According to reports, of the 119 primary and secondary schools affected, 88 schools were completely overrun by the floods.
Suleiman said: “The number of displaced people stands at over 171,000 as the floods have devastated and disrupted the livelihoods of many families. But most worrying is the destruction of agricultural land which, if left unchecked, will lead to food insecurity.
Obi visits Bayelsa
Labor Party presidential candidate Peter Obi visited Governor Douye Diri of Bayelsa State on Saturday to sympathize with him over the devastating impact of the flooding.
He and his team were received at Government House in Yenagoa by the Deputy Governor, Lawrence Ewhrudjakpo and some senior government officials. He then proceeded to the displaced persons camp at Oxbow Lake in the state capital.
Obi, who said he was shocked by the extent of the flood damage, called on the federal government and well-meaning organizations to help the state.
Atiku’s Tuesday Tour
People’s Democratic Party presidential candidate Atiku Abubakar said he would begin a tour of states facing an immense incidence of floods across the country on Tuesday.

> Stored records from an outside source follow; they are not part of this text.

lemma tempered_mult:
  fixes f g :: "('d::finite \<Rightarrow> int) \<Rightarrow> complex"
  assumes "f \<in> tempered" "g \<in> tempered"
  shows "(\<lambda>x. f x * g x) \<in> tempered"
proof -
  obtain M1 m1 where M1: "M1 > 0" "\<And>n. cmod (f n) \<le> M1 * (1 + real_of_int (l1norm n)) ^ m1"
    using assms(1) unfolding tempered_def by blast
  obtain M2 m2 where M2: "M2 > 0" "\<And>n. cmod (g n) \<le> M2 * (1 + real_of_int (l1norm n)) ^ m2"
    using assms(2) unfolding tempered_def by blast
  show ?thesis
  proof (rule temperedI[of "M1 * M2" _ "m1 + m2"])
    show "M1 * M2 > 0" using M1 M2 by simp
    fix n :: "'d \<Rightarrow> int"
    have "cmod (f n * g n) \<le> (M1 * (1 + real_of_int (l1norm n)) ^ m1) * (M2 * (1 + real_of_int (l1norm n)) ^ m2)"
      unfolding norm_mult using M1 M2(2)[of n] l1norm_nonneg[of n] by (intro mult_mono) auto
    then show "cmod (f n * g n) \<le> M1 * M2 * (1 + real_of_int (l1norm n)) ^ (m1 + m2)"
      by (simp add: power_add algebra_simps)
  qed
qed

lemma tempered_uminus: "f \<in> tempered \<Longrightarrow> (\<lambda>x. - f x) \<in> tempered"
  unfolding tempered_def by simp

lemma tempered_bounded:
  assumes "\<And>x. cmod (f x) \<le> B"
  shows "f \<in> tempered"
proof (rule temperedI[of "\<bar>B\<bar> + 1" _ 0])
  show "\<bar>B\<bar> + 1 > 0" by simp
  show "cmod (f n) \<le> (\<bar>B\<bar> + 1) * (1 + real_of_int (l1norm n)) ^ 0" for n
    using assms[of n] by simp
qed

lemma tempered_const: "(\<lambda>x. c) \<in> tempered"
  by (rule tempered_bounded[of _ "cmod c"]) simp

lemma tempered_le_exp:
  assumes "f \<in> tempered"
  obtains C where "C > 0"
    "\<And>n s. 1 \<le> s \<Longrightarrow> ln (1 + real_of_int (l1norm n)) \<le> s \<Longrightarrow> cmod (f n) \<le> exp (C * s)"
proof -
  obtain M m where M: "M > 0" and f_le: "\<And>n. cmod (f n) \<le> M * (1 + real_of_int (l1norm n)) ^ m"
    using assms unfolding tempered_def by blast
  have "cmod (f n) \<le> exp ((M + real m) * s)"
    if s: "1 \<le> s" "ln (1 + real_of_int (l1norm n)) \<le> s" for n s
  proof -
    have "M \<le> exp M" using exp_ge_add_one_self[of M] by linarith
    also have "\<dots> \<le> exp (M * s)" using M s(1) by simp
    finally have M_le: "M \<le> exp (M * s)" .
    have "(1 + real_of_int (l1norm n)) ^ m = exp (real m * ln (1 + real_of_int (l1norm n)))"
      using l1norm_nonneg[of n] by (simp add: exp_of_nat_mult)
    also have "\<dots> \<le> exp (real m * s)" using s(2) by (simp add: mult_left_mono)
    finally have "(1 + real_of_int (l1norm n)) ^ m \<le> exp (real m * s)" .
    with M_le M l1norm_nonneg[of n]
    have "M * (1 + real_of_int (l1norm n)) ^ m \<le> exp (M * s) * exp (real m * s)"
      by (intro mult_mono) auto
    then show ?thesis using f_le[of n] by (simp add: distrib_right exp_add)
  qed
  then show thesis using that M by (meson add_pos_nonneg of_nat_0_le_iff)
qed
lemma transverse_circuit_clear_non_phi_vertex:
  assumes H: "looped_simple_graph H" and tc: "transverse_circuit H C"
    and y: "y \<in> non_phi_vertices v C"
  shows "(\<exists>w\<in>verts H. degree H w = card C - 1) \<or>
    (\<exists>H' C'. locally_equivalent H H' \<and> transverse_circuit H' C' \<and> card C' = card C \<and>
       non_phi_vertices v C' \<subseteq> non_phi_vertices v C - {y})"
proof -
  obtain e where e: "e \<in> C" "vtx e = y" "\<not> is_phi e"
    using y by (auto simp: in_non_phi_vertices_iff)
  consider (other) "e \<noteq> nbhd_elem H y"
    | (nbhd_full) "e = nbhd_elem H y" "Phi ` nbhd H y \<subseteq> C"
    | (nbhd_gap) z where "e = nbhd_elem H y" "z \<in> nbhd H y" "Phi z \<notin> C"
    by blast
  then show ?thesis
  proof cases
    case other
    then show ?thesis using nonsimple_lc_clears_vertex[OF H tc e] by (intro disjI2)
  next
    case nbhd_full
    have yV: "y \<in> verts H"
      using transverse_circuit_vtx_in_verts[OF tc e(1)] e(2) by simp
    have "nbhd_circuit H y \<subseteq> C" using nbhd_full e(1) by (simp add: nbhd_circuit_def)
    then have "nbhd_circuit H y = C"
      using ias_circuit_not_psubset tc transverse_circuit_nbhd_circuit[OF H yV]
      unfolding transverse_circuit_def by blast
    then have "degree H y = card C - 1" using card_nbhd_circuit[OF H, of y] by simp
    then show ?thesis using yV by blast
  next
    case nbhd_gap
    then show ?thesis using nonsimple_lc_neighbour_clears_vertex[OF H tc e] by (intro disjI2)
  qed
qed

lemma transverse_circuit_locally_equivalent_degree:
  assumes "looped_simple_graph H" "transverse_circuit H C" "v \<in> verts H"
  shows "\<exists>H'. locally_equivalent H H' \<and> looped_simple_graph H' \<and>
    (\<exists>w\<in>verts H'. degree H' w = card C - 1)"
  using assms
proof (induction "card (non_phi_vertices v C)" arbitrary: H C rule: less_induct)
  case less
  note H = less.prems(1) and tc = less.prems(2) and v = less.prems(3)
  show ?case
  proof (cases "non_phi_vertices v C = {}")
    case True
    then have "degree H v = card C - 1"
      using transverse_circuit_eq_nbhd_circuit[OF H tc True] card_nbhd_circuit[OF H, of v] by simp
    then show ?thesis using H v locally_equivalent.refl by blast
  next
    case False
    then obtain y where y: "y \<in> non_phi_vertices v C" by blast
    show ?thesis
    proof (cases "\<exists>w\<in>verts H. degree H w = card C - 1")
      case True
      then show ?thesis using H locally_equivalent.refl by blast
    next
      case False
      then obtain H1 C1 where le1: "locally_equivalent H H1" and tc1: "transverse_circuit H1 C1"
        and card1: "card C1 = card C" and non_phi1: "non_phi_vertices v C1 \<subseteq> non_phi_vertices v C - {y}"
        using transverse_circuit_clear_non_phi_vertex[OF H tc y] by blast
      have "finite (non_phi_vertices v C)"
        using transverse_circuit_finite[OF _ tc] H
        by (simp add: non_phi_vertices_def looped_simple_graph_def)
      moreover have "non_phi_vertices v C1 \<subset> non_phi_vertices v C"
        using non_phi1 y by blast
      ultimately have smaller: "card (non_phi_vertices v C1) < card (non_phi_vertices v C)"
        by (simp add: psubset_card_mono)
      have H1: "looped_simple_graph H1" "v \<in> verts H1"
        using locally_equivalent_looped_simple_graph[OF le1 H] v by auto
      obtain H' where "locally_equivalent H1 H'" "looped_simple_graph H'"
        "\<exists>w\<in>verts H'. degree H' w = card C1 - 1"
        using less.hyps[OF smaller H1(1) tc1 H1(2)] by blast
      then show ?thesis
        using card1 locally_equivalent_trans[OF _ le1] by (intro exI[of _ H']) simp
    qed
  qed
qed
lemma qint_zw_poly:
  "qint p a (zw_poly p j) = qpoch (1 / p) (1 / p) j * qpoch (1 / p) (1 / p) a / qpoch (1 / p) (1 / p) (j + a)"
proof (induction j)
  case 0
  have "qpoch (1 / p) (1 / p) a \<noteq> 0"
    using p_pos p_less_1 by (intro qpoch_self_nonzero) simp
  then show ?case
    using qint_1 by (simp add: zw_poly_def)
next
  case (Suc j)
  define r where "r = 1 / p"
  define V where "V j = qpoch r r j * qpoch r r a / qpoch r r (j + a)" for j
  have r: "1 < r"
    using p_pos p_less_1 by (simp add: r_def)
  have "1 < r ^ Suc (j + a)"
    using r by (intro one_less_power) auto
  then have V_Suc: "V (Suc j) = V j * ((1 - r * r ^ j) / (1 - r * r ^ (j + a)))"
    using qpoch_self_nonzero[OF r, of "j + a"] by (simp add: V_def qpoch_Suc field_simps)
  have ratio: "(1 - r * r ^ j) / (1 - r * r ^ (j + a)) * (1 - p ^ (a + Suc j)) = p ^ a * (1 - p ^ Suc j)"
  proof -
    define u v where "u = p ^ Suc j" and "v = p ^ a"
    have uv: "r * r ^ j = 1 / u" "r * r ^ (j + a) = 1 / (u * v)" "p ^ (a + Suc j) = u * v"
      by (simp_all add: r_def u_def v_def power_one_over power_add mult.commute)
    have "u * v \<noteq> 1" "0 < u" "0 < v"
      using power_a_add_less_1[of "Suc j"] p_pos by (simp_all add: u_def v_def power_add mult_ac)
    then show ?thesis
      unfolding uv u_def[symmetric] v_def[symmetric] by (simp add: field_simps)
  qed
  have V_rec: "V (Suc j) * (1 - p ^ (a + Suc j)) = V j * (p ^ a * (1 - p ^ Suc j))"
    unfolding V_Suc mult.assoc ratio ..
  have "qint p a (zw_poly p (Suc j)) * (1 - p ^ (a + Suc j)) = p ^ a * (1 - p ^ Suc j) * V j"
    by (simp only: qint_zw_poly_Suc Suc.IH V_def r_def)
  also have "\<dots> = V (Suc j) * (1 - p ^ (a + Suc j))"
    by (subst V_rec) (rule mult.commute)
  finally have "qint p a (zw_poly p (Suc j)) * (1 - p ^ (a + Suc j)) = V (Suc j) * (1 - p ^ (a + Suc j))" .
  moreover have "1 - p ^ (a + Suc j) \<noteq> 0"
    using power_a_add_less_1[of "Suc j"] by simp
  ultimately have "qint p a (zw_poly p (Suc j)) = V (Suc j)"
    by simp
  then show ?case
    by (simp only: V_def r_def)
qed
(* Let $t\ge 2$. Let $G$ be a 2-ichromatic ordered graph with vertices $v_1<\dots<v_{m+n}$ such that $\{v_1,\ldots,v_m\}$ and $\{v_{m+1},\ldots,v_{m+n}\}$ are the parts of an interval 2-coloring of $G$. If $v_1v_{m+1}$, $v_mv_{m+n}$ and $v_mv_{m+1}$ are edges of $G$, then $R_t(G)\ge (2t+1)r+1$, where $r=\min(m,n)-1$.
   Context: An ordered graph is a graph together with a specified linear ordering of its vertex set. An ordered graph $G$ is contained in an ordered graph $H$ if there is an order-preserving injection $V(G)\to V(H)$ mapping edges to edges. An interval coloring of an ordered graph is a partition of its vertex set into independent sets each consisting of consecutive vertices (called parts); an ordered graph is 2-ichromatic if its minimum number of parts in an interval coloring is 2. $R_t(G)$ is the minimum $N$ such that every coloring of the edges of the ordered complete graph on $N$ vertices with $t$ colors contains a monochromatic copy of $G$. *)

theory Defs
  imports Main
begin

definition ordered_graph :: "nat \<Rightarrow> nat set set \<Rightarrow> bool" where
  "ordered_graph k E \<longleftrightarrow> (\<forall>e\<in>E. \<exists>i j. i < j \<and> j < k \<and> e = {i, j})"

definition interval_coloring :: "nat \<Rightarrow> nat set set \<Rightarrow> nat set set \<Rightarrow> bool" where
  "interval_coloring k E P \<longleftrightarrow>
     \<Union>P = {0..<k} \<and>
     (\<forall>p\<in>P. p \<noteq> {}) \<and>
     (\<forall>p\<in>P. \<forall>q\<in>P. p \<noteq> q \<longrightarrow> p \<inter> q = {}) \<and>
     (\<forall>p\<in>P. \<exists>a b. p = {a..<b}) \<and>
     (\<forall>p\<in>P. \<forall>e\<in>E. \<not> e \<subseteq> p)"

definition interval_chromatic_number :: "nat \<Rightarrow> nat set set \<Rightarrow> nat" where
  "interval_chromatic_number k E = (LEAST c. \<exists>P. interval_coloring k E P \<and> card P = c)"

definition two_ichromatic :: "nat \<Rightarrow> nat set set \<Rightarrow> bool" where
  "two_ichromatic k E \<longleftrightarrow> interval_chromatic_number k E = 2"

definition ordered_arrows :: "nat \<Rightarrow> nat \<Rightarrow> nat \<Rightarrow> nat set set \<Rightarrow> bool" where
  "ordered_arrows N t k E \<longleftrightarrow>
     (\<forall>\<chi> :: nat set \<Rightarrow> nat. (\<forall>i j. i < j \<and> j < N \<longrightarrow> \<chi> {i, j} < t) \<longrightarrow>
        (\<exists>f c. (\<forall>i j. i < j \<and> j < k \<longrightarrow> f i < f j) \<and> (\<forall>i<k. f i < N) \<and>
               (\<forall>e\<in>E. \<chi> (f ` e) = c)))"

definition ordered_ramsey :: "nat \<Rightarrow> nat \<Rightarrow> nat set set \<Rightarrow> nat" where
  "ordered_ramsey t k E = (LEAST N. ordered_arrows N t k E)"

end

theory Submission
  imports Defs "HOL-Library.Ramsey"
begin

text \<open>Cut an initial segment of \<open>(2t + 1) r\<close> vertices into \<open>2t + 1\<close> blocks of \<open>r\<close> consecutive
  vertices and colour an edge by the pair of blocks containing its endpoints. Since each part of
  \<open>G\<close> has at least \<open>r + 1\<close> vertices, the images of \<open>v\<^sub>1, v\<^sub>m\<close> lie in blocks \<open>i < j\<close> and those of
  \<open>v\<^sub>m\<^sub>+\<^sub>1, v\<^sub>m\<^sub>+\<^sub>n\<close> in blocks \<open>k < l\<close> with \<open>j \<le> k\<close>. So it suffices to colour the pairs \<open>j \<le> k\<close> of
  blocks with \<open>t\<close> colours such that \<open>(i, k)\<close>, \<open>(j, k)\<close>, \<open>(j, l)\<close> never share a colour when
  \<open>i < j \<le> k < l\<close>; then no copy of \<open>G\<close> is monochromatic, and \<open>R\<^sub>t(G) > (2t + 1) r\<close>.\<close>

lemma div_less_div_if_add_le:
  assumes "(r::nat) > 0" "x + r \<le> y"
  shows "x div r < y div r"
proof -
  have "x div r + 1 = (x + r) div r" using assms(1) by simp
  also have "\<dots> \<le> y div r" using assms(2) by (rule div_le_mono)
  finally show ?thesis by simp
qed

lemma increasing_add_diff_le:
  fixes f :: "nat \<Rightarrow> nat"
  assumes "\<forall>i j. i < j \<and> j < K \<longrightarrow> f i < f j" "a \<le> b" "b < K"
  shows "f a + (b - a) \<le> f b"
  using assms(2,3)
proof (induction b)
  case 0
  then show ?case by simp
next
  case (Suc b)
  show ?case
  proof (cases "a = Suc b")
    case False
    then have "a \<le> b" using Suc.prems by simp
    moreover have "f b < f (Suc b)" using assms(1) Suc.prems by simp
    ultimately show ?thesis using Suc by simp
  qed simp
qed

definition block_colour :: "nat \<Rightarrow> nat \<Rightarrow> nat \<Rightarrow> nat" where
  "block_colour t j k =
     (if j < t then (if j = t - 1 \<and> k = t then t - 2 else j)
      else if j = t then (if k = t then t - 1 else k - t - 1)
      else k - j)"

lemma block_colour_less:
  assumes "t \<ge> 2" "j \<le> k" "k \<le> 2 * t"
  shows "block_colour t j k < t"
  using assms unfolding block_colour_def by (auto split: if_splits)

lemma block_colour_no_pattern:
  assumes "t \<ge> 2" "i < j" "j \<le> k" "k < l" "l \<le> 2 * t"
  shows "\<not> (block_colour t i k = block_colour t j k \<and> block_colour t j k = block_colour t j l)"
  using assms unfolding block_colour_def by (auto split: if_splits)

definition block_edge_colouring :: "nat \<Rightarrow> nat \<Rightarrow> nat set \<Rightarrow> nat" where
  "block_edge_colouring t r e = block_colour t (Min e div r) (Max e div r)"

lemma block_edge_colouring_pair:
  "x < y \<Longrightarrow> block_edge_colouring t r {x, y} = block_colour t (x div r) (y div r)"
  unfolding block_edge_colouring_def by (simp add: min_def max_def)

lemma block_edge_colouring_less:
  assumes "t \<ge> 2" "r > 0" "x < y" "y < (2 * t + 1) * r"
  shows "block_edge_colouring t r {x, y} < t"
proof -
  have "y div r \<le> 2 * t"
    using less_mult_imp_div_less[of y "2 * t + 1" r] assms(4) by simp
  moreover have "x div r \<le> y div r"
    using assms(3) by (simp add: div_le_mono)
  ultimately show ?thesis
    using assms(1,3) block_colour_less by (simp add: block_edge_colouring_pair)
qed

lemma block_edge_colouring_no_pattern:
  assumes "t \<ge> 2" "r > 0" "x\<^sub>0 + r \<le> x\<^sub>1" "x\<^sub>1 < y\<^sub>0" "y\<^sub>0 + r \<le> y\<^sub>1" "y\<^sub>1 < (2 * t + 1) * r"
  shows "\<not> (block_edge_colouring t r {x\<^sub>0, y\<^sub>0} = block_edge_colouring t r {x\<^sub>1, y\<^sub>1} \<and>
             block_edge_colouring t r {x\<^sub>1, y\<^sub>0} = block_edge_colouring t r {x\<^sub>1, y\<^sub>1})"
proof -
  have "x\<^sub>0 div r < x\<^sub>1 div r" "y\<^sub>0 div r < y\<^sub>1 div r"
    using assms(2,3,5) by (simp_all add: div_less_div_if_add_le)
  moreover have "x\<^sub>1 div r \<le> y\<^sub>0 div r"
    using assms(4) by (simp add: div_le_mono)
  moreover have "y\<^sub>1 div r \<le> 2 * t"
    using less_mult_imp_div_less[of y\<^sub>1 "2 * t + 1" r] assms(6) by simp
  ultimately have "\<not> (block_colour t (x\<^sub>0 div r) (y\<^sub>0 div r) = block_colour t (x\<^sub>1 div r) (y\<^sub>0 div r) \<and>
                       block_colour t (x\<^sub>1 div r) (y\<^sub>0 div r) = block_colour t (x\<^sub>1 div r) (y\<^sub>1 div r))"
    using block_colour_no_pattern assms(1) by blast
  moreover have "x\<^sub>0 < y\<^sub>0" "x\<^sub>1 < y\<^sub>1"
    using assms(3-5) by linarith+
  ultimately show ?thesis
    using assms(4) by (auto simp: block_edge_colouring_pair)
qed

lemma not_ordered_arrows_zero: "k > 0 \<Longrightarrow> \<not> ordered_arrows 0 t k E"
  unfolding ordered_arrows_def by auto

lemma not_ordered_arrows_two_parts:
  fixes t m n :: nat and E :: "nat set set"
  assumes "t \<ge> 2" "m \<ge> 1" "n \<ge> 1"
    and "{0, m} \<in> E" "{m - 1, m + n - 1} \<in> E" "{m - 1, m} \<in> E"
    and "N \<le> (2 * t + 1) * (min m n - 1)"
  shows "\<not> ordered_arrows N t (m + n) E"
proof
  assume arrows: "ordered_arrows N t (m + n) E"
  define r where "r = min m n - 1"
  show False
  proof (cases "r = 0")
    case True
    then show False
      using arrows assms(2,7) not_ordered_arrows_zero unfolding r_def by simp
  next
    case False
    then have "r > 0" by simp
    have "\<forall>x y. x < y \<and> y < N \<longrightarrow> block_edge_colouring t r {x, y} < t"
      using assms(1,7) \<open>r > 0\<close> block_edge_colouring_less unfolding r_def
      by (meson order_less_le_trans)
    with arrows obtain f c where
      f_incr: "\<forall>i j. i < j \<and> j < m + n \<longrightarrow> f i < f j" and
      f_less: "\<forall>i < m + n. f i < N" and
      mono: "\<forall>e\<in>E. block_edge_colouring t r (f ` e) = c"
      unfolding ordered_arrows_def by blast
    have "r \<le> m - 1" "r \<le> n - 1"
      unfolding r_def by linarith+
    moreover have "f 0 + (m - 1 - 0) \<le> f (m - 1)"
      by (rule increasing_add_diff_le[OF f_incr]) (use assms(3) in simp_all)
    moreover have "f m + (m + n - 1 - m) \<le> f (m + n - 1)"
      by (rule increasing_add_diff_le[OF f_incr]) (use assms(2,3) in simp_all)
    ultimately have left_gap: "f 0 + r \<le> f (m - 1)" and right_gap: "f m + r \<le> f (m + n - 1)"
      by linarith+
    have middle: "f (m - 1) < f m"
      using f_incr assms(2,3) by simp
    have "f (m + n - 1) < N"
      using f_less assms(2) by simp
    then have bound: "f (m + n - 1) < (2 * t + 1) * r"
      using assms(7) unfolding r_def by linarith
    have "block_edge_colouring t r {f 0, f m} = c"
      "block_edge_colouring t r {f (m - 1), f (m + n - 1)} = c"
      "block_edge_colouring t r {f (m - 1), f m} = c"
      using mono assms(4-6) by force+
    then show False
      using block_edge_colouring_no_pattern[OF assms(1) \<open>r > 0\<close> left_gap middle right_gap bound]
      by simp
  qed
qed

lemma ex_increasing_enumeration:
  assumes "finite H"
  obtains f :: "nat \<Rightarrow> nat"
  where "\<forall>i j. i < j \<and> j < card H \<longrightarrow> f i < f j" "\<And>i. i < card H \<Longrightarrow> f i \<in> H"
proof
  have len: "length (sorted_list_of_set H) = card H" by simp
  show "\<forall>i j. i < j \<and> j < card H \<longrightarrow> sorted_list_of_set H ! i < sorted_list_of_set H ! j"
    using len by (metis strict_sorted_list_of_set sorted_wrt_nth_less)
  show "sorted_list_of_set H ! i \<in> H" if "i < card H" for i
    using that len assms by (metis nth_mem set_sorted_list_of_set)
qed

lemma ex_ordered_arrows:
  assumes "ordered_graph k E"
  shows "\<exists>N. ordered_arrows N t k E"
proof -
  obtain N :: nat where N: "partn_lst {..<N} (replicate t k) 2"
    using ramsey_full[of "replicate t k" 2] by blast
  have "ordered_arrows N t k E"
    unfolding ordered_arrows_def
  proof (intro allI impI)
    fix \<chi> :: "nat set \<Rightarrow> nat"
    assume \<chi>_less: "\<forall>i j. i < j \<and> j < N \<longrightarrow> \<chi> {i, j} < t"
    have "\<chi> \<in> nsets {..<N} 2 \<rightarrow> {..<t}"
    proof
      fix e assume "e \<in> nsets {..<N} 2"
      then obtain x y where "e = {x, y}" "x < y" "y < N"
        by (auto elim!: nsets2_E simp: neq_iff) (metis insert_commute)
      then show "\<chi> e \<in> {..<t}" using \<chi>_less by simp
    qed
    then obtain c H where H: "H \<in> nsets {..<N} k" and mono: "\<chi> ` nsets H 2 \<subseteq> {c}"
      using partn_lstE[OF N] by (metis length_replicate nth_replicate)
    then have "finite H" "card H = k" "H \<subseteq> {..<N}"
      by (auto simp: nsets_def)
    then obtain f where f_incr: "\<forall>i j. i < j \<and> j < k \<longrightarrow> f i < f j" and f_mem: "\<And>i. i < k \<Longrightarrow> f i \<in> H"
      using ex_increasing_enumeration by metis
    have "\<chi> (f ` e) = c" if "e \<in> E" for e
    proof -
      obtain a b where "a < b" "b < k" "e = {a, b}"
        using assms \<open>e \<in> E\<close> unfolding ordered_graph_def by blast
      moreover from this f_incr have "f a < f b" by blast
      ultimately have "f ` e \<in> nsets H 2"
        using f_mem by (auto simp: nsets_def card_insert_if)
      then show ?thesis using mono by auto
    qed
    then show "\<exists>f c. (\<forall>i j. i < j \<and> j < k \<longrightarrow> f i < f j) \<and> (\<forall>i<k. f i < N) \<and> (\<forall>e\<in>E. \<chi> (f ` e) = c)"
      using f_incr f_mem \<open>H \<subseteq> {..<N}\<close> by blast
  qed
  then show ?thesis by blast
qed

lemma ordered_ramsey_greater:
  assumes "ordered_graph k E" "\<And>N. N \<le> B \<Longrightarrow> \<not> ordered_arrows N t k E"
  shows "B < ordered_ramsey t k E"
proof -
  have "ordered_arrows (ordered_ramsey t k E) t k E"
    unfolding ordered_ramsey_def using ex_ordered_arrows[OF assms(1)] by (rule LeastI_ex)
  then show ?thesis
    using assms(2) not_le by blast
qed

theorem corollary5p1:
  fixes t m n :: nat and E :: "nat set set"
  assumes "t \<ge> 2"
    and "ordered_graph (m + n) E"
    and "two_ichromatic (m + n) E"
    and "interval_coloring (m + n) E {{0..<m}, {m..<m + n}}"
    and "{0, m} \<in> E"
    and "{m - 1, m + n - 1} \<in> E"
    and "{m - 1, m} \<in> E"
  shows "ordered_ramsey t (m + n) E \<ge> (2 * t + 1) * (min m n - 1) + 1"
proof -
  have "m \<ge> 1" "n \<ge> 1"
    using assms(4) unfolding interval_coloring_def by auto
  then have "(2 * t + 1) * (min m n - 1) < ordered_ramsey t (m + n) E"
    using ordered_ramsey_greater[OF assms(2)] not_ordered_arrows_two_parts assms(1,5-7) by blast
  then show ?thesis by simp
qed

end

A statement from his media adviser, Paul Ibe, said the tour would start from Bayelsa State. He added: “Therefore, the visits will offer the presidential candidate the opportunity to have a sight assessment of the impact of these floods and give him a real window to integrate these ecological concerns into his political documents.
The statement recalled that Atiku had supported flood victims in Jigawa, Yobe and Kano states.
The navy intervenes
The Nigerian Navy has said it will continue to deploy its men and resources to provide security and humanitarian services along the flooded sections of the east-west road until the flood waters recede. The flood had cut off the East-West road, especially around the Okogbe-Ihiuke-Ahoada axis.
The Base Information Officer, Nigerian Navy Ship Soroh, Second Lieutenant Tochukwu Okeke, under Yenagoa Central Naval Command, said so in an interview with one of our correspondents on Friday.
He said the navy was transporting people and goods between Yenagoa and Port Harcourt and carrying out medical interventions.